What the exercise asks: Report every line of the entries that contains the word "rule".

· · · · ·

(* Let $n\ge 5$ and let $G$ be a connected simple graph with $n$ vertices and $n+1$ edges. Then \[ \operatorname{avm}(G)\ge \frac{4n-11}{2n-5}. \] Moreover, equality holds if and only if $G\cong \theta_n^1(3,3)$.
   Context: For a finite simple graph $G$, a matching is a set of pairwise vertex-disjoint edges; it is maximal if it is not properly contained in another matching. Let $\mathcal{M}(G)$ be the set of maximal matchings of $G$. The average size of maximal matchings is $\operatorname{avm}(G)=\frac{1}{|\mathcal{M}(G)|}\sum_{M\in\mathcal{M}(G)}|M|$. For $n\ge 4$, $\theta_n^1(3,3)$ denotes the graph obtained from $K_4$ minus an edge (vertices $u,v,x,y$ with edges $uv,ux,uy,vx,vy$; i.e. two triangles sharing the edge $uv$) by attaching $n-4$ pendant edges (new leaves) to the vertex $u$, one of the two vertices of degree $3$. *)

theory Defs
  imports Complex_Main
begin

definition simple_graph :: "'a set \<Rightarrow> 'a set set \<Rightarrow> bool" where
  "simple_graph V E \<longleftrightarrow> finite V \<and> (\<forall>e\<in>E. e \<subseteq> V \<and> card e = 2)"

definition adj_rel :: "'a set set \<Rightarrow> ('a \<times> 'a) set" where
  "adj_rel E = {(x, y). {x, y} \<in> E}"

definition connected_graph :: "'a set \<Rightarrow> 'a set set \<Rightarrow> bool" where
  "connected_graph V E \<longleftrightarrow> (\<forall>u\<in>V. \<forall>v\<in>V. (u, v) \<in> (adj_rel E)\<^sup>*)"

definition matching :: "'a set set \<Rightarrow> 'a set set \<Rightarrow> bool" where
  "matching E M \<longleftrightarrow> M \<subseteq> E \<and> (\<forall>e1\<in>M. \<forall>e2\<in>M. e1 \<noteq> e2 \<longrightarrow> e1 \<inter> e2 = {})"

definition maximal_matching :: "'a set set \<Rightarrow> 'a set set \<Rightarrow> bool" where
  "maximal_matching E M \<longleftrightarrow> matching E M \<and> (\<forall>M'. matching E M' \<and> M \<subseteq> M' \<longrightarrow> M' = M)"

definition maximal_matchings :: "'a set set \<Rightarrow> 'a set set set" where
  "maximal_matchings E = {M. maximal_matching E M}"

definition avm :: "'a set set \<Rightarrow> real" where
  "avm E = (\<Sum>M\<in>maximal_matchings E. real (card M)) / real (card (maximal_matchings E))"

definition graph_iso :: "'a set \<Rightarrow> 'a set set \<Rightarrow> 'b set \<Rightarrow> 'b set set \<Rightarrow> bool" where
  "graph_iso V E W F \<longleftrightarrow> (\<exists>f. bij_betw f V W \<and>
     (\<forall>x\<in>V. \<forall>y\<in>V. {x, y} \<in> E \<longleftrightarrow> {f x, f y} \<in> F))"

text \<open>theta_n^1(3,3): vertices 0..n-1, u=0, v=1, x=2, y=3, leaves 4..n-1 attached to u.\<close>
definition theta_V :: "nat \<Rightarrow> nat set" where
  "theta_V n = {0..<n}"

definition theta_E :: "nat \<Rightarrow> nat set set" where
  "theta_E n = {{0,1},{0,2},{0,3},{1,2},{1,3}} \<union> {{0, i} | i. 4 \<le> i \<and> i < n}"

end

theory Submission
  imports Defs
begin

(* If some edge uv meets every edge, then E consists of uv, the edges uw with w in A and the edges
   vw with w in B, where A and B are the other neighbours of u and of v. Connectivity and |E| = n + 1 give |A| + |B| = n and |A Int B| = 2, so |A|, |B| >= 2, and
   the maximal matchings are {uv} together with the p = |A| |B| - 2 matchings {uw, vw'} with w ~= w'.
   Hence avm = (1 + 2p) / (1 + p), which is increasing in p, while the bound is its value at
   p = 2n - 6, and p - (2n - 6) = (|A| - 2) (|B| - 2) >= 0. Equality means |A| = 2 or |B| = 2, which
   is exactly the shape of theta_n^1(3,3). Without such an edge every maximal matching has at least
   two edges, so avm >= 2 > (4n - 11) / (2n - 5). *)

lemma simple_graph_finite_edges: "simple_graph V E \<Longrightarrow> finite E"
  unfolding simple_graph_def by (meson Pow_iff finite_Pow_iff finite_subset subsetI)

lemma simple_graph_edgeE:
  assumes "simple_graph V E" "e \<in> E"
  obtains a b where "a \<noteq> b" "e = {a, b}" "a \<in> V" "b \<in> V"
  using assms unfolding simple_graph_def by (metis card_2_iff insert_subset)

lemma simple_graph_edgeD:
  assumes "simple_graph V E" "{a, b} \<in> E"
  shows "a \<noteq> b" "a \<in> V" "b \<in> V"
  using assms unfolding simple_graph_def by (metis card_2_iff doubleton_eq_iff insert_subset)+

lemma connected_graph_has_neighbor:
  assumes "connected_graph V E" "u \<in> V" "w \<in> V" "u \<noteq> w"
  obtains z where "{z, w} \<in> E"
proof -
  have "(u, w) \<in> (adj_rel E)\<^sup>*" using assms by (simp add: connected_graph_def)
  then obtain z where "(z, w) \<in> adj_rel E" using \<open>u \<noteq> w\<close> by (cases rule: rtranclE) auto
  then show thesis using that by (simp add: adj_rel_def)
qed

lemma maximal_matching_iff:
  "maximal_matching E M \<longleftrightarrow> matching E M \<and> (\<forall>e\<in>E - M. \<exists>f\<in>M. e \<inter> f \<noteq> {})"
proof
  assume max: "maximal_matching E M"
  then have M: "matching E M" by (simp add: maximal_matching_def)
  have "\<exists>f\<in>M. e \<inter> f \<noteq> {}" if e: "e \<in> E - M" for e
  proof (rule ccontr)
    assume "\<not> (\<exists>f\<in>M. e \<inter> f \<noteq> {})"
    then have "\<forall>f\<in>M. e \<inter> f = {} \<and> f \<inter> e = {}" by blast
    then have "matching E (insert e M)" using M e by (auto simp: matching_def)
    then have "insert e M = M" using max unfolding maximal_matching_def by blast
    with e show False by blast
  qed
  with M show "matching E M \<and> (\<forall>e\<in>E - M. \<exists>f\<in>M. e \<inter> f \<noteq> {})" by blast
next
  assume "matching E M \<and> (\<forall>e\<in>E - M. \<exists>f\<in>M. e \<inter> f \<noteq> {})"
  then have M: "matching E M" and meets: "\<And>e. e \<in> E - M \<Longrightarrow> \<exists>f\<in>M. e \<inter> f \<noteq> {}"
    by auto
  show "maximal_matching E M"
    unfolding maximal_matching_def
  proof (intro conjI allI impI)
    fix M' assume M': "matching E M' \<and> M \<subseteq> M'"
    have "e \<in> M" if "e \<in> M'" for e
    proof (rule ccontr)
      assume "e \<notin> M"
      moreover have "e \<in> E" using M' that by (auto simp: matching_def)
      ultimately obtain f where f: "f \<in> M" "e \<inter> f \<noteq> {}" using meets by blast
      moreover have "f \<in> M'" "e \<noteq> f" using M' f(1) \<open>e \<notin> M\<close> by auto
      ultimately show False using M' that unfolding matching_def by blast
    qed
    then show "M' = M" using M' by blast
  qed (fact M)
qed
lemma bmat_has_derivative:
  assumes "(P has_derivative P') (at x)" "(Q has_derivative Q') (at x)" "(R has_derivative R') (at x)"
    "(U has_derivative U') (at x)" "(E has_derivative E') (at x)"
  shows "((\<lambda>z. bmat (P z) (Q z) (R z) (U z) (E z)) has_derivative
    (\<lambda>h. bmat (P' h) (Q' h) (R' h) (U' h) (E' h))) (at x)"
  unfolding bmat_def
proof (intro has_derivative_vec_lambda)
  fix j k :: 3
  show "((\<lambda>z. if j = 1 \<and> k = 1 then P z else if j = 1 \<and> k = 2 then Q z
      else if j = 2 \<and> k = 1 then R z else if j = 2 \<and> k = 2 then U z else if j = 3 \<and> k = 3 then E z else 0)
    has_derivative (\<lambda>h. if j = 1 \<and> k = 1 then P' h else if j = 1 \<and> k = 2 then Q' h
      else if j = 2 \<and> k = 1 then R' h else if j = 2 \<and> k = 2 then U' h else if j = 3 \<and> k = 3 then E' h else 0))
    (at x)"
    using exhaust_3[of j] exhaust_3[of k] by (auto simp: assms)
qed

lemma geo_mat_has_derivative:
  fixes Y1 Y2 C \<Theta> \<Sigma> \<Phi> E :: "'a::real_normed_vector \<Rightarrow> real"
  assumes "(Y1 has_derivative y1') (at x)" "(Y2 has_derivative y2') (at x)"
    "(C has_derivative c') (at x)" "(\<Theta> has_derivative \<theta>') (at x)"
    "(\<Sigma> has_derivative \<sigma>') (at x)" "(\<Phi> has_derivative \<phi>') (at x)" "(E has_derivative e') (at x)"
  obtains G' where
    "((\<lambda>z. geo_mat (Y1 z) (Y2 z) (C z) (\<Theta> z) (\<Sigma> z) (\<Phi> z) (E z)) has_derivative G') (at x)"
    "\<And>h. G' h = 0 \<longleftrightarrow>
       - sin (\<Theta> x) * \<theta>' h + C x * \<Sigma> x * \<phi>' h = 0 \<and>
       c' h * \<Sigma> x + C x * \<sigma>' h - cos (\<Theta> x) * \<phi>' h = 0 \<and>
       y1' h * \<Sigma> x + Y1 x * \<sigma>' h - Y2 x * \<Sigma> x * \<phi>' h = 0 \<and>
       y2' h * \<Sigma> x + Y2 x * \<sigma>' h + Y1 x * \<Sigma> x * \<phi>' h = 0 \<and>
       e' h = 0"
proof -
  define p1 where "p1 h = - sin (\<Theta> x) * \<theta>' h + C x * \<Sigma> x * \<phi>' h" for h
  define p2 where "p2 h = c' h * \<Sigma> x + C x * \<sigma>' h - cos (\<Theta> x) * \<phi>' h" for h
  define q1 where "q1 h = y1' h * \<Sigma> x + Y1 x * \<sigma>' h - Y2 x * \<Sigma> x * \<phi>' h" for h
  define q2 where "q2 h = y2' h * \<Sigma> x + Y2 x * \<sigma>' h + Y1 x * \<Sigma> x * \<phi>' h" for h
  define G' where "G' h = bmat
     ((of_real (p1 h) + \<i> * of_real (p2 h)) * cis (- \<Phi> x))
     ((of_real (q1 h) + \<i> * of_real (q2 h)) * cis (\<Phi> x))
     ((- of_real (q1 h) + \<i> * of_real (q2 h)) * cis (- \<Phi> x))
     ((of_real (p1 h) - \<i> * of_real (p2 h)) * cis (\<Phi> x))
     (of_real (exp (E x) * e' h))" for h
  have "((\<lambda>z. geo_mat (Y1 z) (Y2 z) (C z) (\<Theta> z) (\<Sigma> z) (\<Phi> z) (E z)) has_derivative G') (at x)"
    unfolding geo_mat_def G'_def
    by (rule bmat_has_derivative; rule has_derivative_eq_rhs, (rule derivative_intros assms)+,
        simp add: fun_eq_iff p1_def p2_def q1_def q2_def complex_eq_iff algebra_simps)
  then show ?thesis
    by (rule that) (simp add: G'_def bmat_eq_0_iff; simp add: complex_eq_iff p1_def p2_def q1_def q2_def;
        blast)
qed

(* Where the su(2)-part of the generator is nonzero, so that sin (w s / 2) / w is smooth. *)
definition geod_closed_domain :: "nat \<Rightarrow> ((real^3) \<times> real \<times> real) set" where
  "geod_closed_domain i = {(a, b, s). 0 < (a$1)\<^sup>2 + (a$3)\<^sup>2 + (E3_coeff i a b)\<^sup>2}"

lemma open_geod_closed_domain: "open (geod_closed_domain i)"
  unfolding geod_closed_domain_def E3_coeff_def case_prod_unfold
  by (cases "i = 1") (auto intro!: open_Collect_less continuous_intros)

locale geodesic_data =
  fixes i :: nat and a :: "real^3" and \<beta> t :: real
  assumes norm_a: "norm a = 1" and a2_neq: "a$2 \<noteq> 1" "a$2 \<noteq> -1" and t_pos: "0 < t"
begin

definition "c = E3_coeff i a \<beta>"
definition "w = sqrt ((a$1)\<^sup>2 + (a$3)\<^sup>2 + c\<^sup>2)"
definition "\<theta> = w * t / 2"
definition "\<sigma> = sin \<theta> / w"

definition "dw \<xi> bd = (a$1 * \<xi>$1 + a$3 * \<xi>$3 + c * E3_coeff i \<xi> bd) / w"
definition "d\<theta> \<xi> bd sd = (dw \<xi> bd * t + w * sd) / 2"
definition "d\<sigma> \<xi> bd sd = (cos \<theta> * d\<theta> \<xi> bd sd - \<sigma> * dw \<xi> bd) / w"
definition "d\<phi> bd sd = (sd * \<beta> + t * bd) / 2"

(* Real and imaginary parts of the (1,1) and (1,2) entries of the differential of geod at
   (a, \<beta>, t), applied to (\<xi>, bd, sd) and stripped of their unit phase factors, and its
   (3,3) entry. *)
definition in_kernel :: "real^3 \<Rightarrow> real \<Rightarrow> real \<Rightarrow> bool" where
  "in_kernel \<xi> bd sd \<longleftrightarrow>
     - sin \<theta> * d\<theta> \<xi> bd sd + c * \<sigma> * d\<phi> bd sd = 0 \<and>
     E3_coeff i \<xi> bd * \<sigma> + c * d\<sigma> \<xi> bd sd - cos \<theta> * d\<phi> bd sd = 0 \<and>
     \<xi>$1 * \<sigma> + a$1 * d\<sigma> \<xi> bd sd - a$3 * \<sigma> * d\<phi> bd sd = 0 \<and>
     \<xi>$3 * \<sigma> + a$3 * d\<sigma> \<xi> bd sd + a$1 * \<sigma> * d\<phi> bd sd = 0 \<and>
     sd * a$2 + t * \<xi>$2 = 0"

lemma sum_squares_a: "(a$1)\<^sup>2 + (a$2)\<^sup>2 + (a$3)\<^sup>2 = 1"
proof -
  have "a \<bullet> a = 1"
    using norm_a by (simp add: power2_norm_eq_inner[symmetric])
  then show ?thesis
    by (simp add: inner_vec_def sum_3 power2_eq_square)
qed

· · · · ·

Written answer:
  then obtain z where "(z, w) \<in> adj_rel E" using \<open>u \<noteq> w\<close> by (cases rule: rtranclE) auto
  proof (rule ccontr)
    proof (rule ccontr)
    by (rule bmat_has_derivative; rule has_derivative_eq_rhs, (rule derivative_intros assms)+,
    by (rule that) (simp add: G'_def bmat_eq_0_iff; simp add: complex_eq_iff p1_def p2_def q1_def q2_def;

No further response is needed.